Task item
Collect each line of the entries that holds the string "Vreg".

[Stored data]
════════════════
(* Let $X=\{x_j:j\in J\}\subset\mathbb{R}^2$ be finite with $n=|J|$, quadratic min-power centre $s^*$, centroid $M$, and let $r\in J$ be such that $x_r$ is a point of $X$ farthest from $M$. The following are equivalent: (1) $|\Lambda|=1$; (2) $s^*=M_r$; (3) $M_j\in V(x_j)$ for some $j\in J$.
   Context: $P(s)=\sum_{i\in J}\|s-x_i\|^2+\max_{i\in J}\|s-x_i\|^2$; $s^*$ is its unique minimiser; $M=\frac1n\sum_i x_i$; $M_j=\frac{1}{n+1}\big(x_j+\sum_{i\in J}x_i\big)$; $V(x_j)=\{s:\|s-x_j\|=\max_{i\in J}\|s-x_i\|\}$ (the region of $x_j$ in the farthest point Voronoi diagram). A KKT multiplier vector for $s^*$ is $(\lambda_j)_{j\in J}$ with $\lambda_j\geq0$, $\sum_j\lambda_j=1$, $s^*=\sum_j\lambda_jM_j$, and $\lambda_j\big(\|s^*-x_j\|-\max_{i\in J}\|s^*-x_i\|\big)=0$ for all $j$. $|\Lambda|$ denotes the minimum, over all KKT multiplier vectors for $s^*$, of the number of nonzero entries. *)

theory Defs
  imports "HOL-Analysis.Analysis"
begin

definition maxdist :: "('j \<Rightarrow> real^2) \<Rightarrow> 'j set \<Rightarrow> real^2 \<Rightarrow> real" where
  "maxdist x J s = Max ((\<lambda>i. norm (s - x i)) ` J)"

definition P :: "('j \<Rightarrow> real^2) \<Rightarrow> 'j set \<Rightarrow> real^2 \<Rightarrow> real" where
  "P x J s = (\<Sum>i\<in>J. (norm (s - x i))\<^sup>2) + (maxdist x J s)\<^sup>2"

definition centroid :: "('j \<Rightarrow> real^2) \<Rightarrow> 'j set \<Rightarrow> real^2" where
  "centroid x J = (1 / real (card J)) *\<^sub>R (\<Sum>i\<in>J. x i)"

definition Mj :: "('j \<Rightarrow> real^2) \<Rightarrow> 'j set \<Rightarrow> 'j \<Rightarrow> real^2" where
  "Mj x J j = (1 / (real (card J) + 1)) *\<^sub>R (x j + (\<Sum>i\<in>J. x i))"

definition Vreg :: "('j \<Rightarrow> real^2) \<Rightarrow> 'j set \<Rightarrow> 'j \<Rightarrow> (real^2) set" where
  "Vreg x J j = {s. norm (s - x j) = maxdist x J s}"

definition is_KKT :: "('j \<Rightarrow> real^2) \<Rightarrow> 'j set \<Rightarrow> real^2 \<Rightarrow> ('j \<Rightarrow> real) \<Rightarrow> bool" where
  "is_KKT x J s lam \<longleftrightarrow>
     (\<forall>j\<in>J. lam j \<ge> 0) \<and> (\<Sum>j\<in>J. lam j) = 1 \<and>
     s = (\<Sum>j\<in>J. lam j *\<^sub>R Mj x J j) \<and>
     (\<forall>j\<in>J. lam j * (norm (s - x j) - maxdist x J s) = 0)"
════════════════
Solution
definition Vreg :: "('j \<Rightarrow> real^2) \<Rightarrow> 'j set \<Rightarrow> 'j \<Rightarrow> (real^2) set" where
  "Vreg x J j = {s. norm (s - x j) = maxdist x J s}"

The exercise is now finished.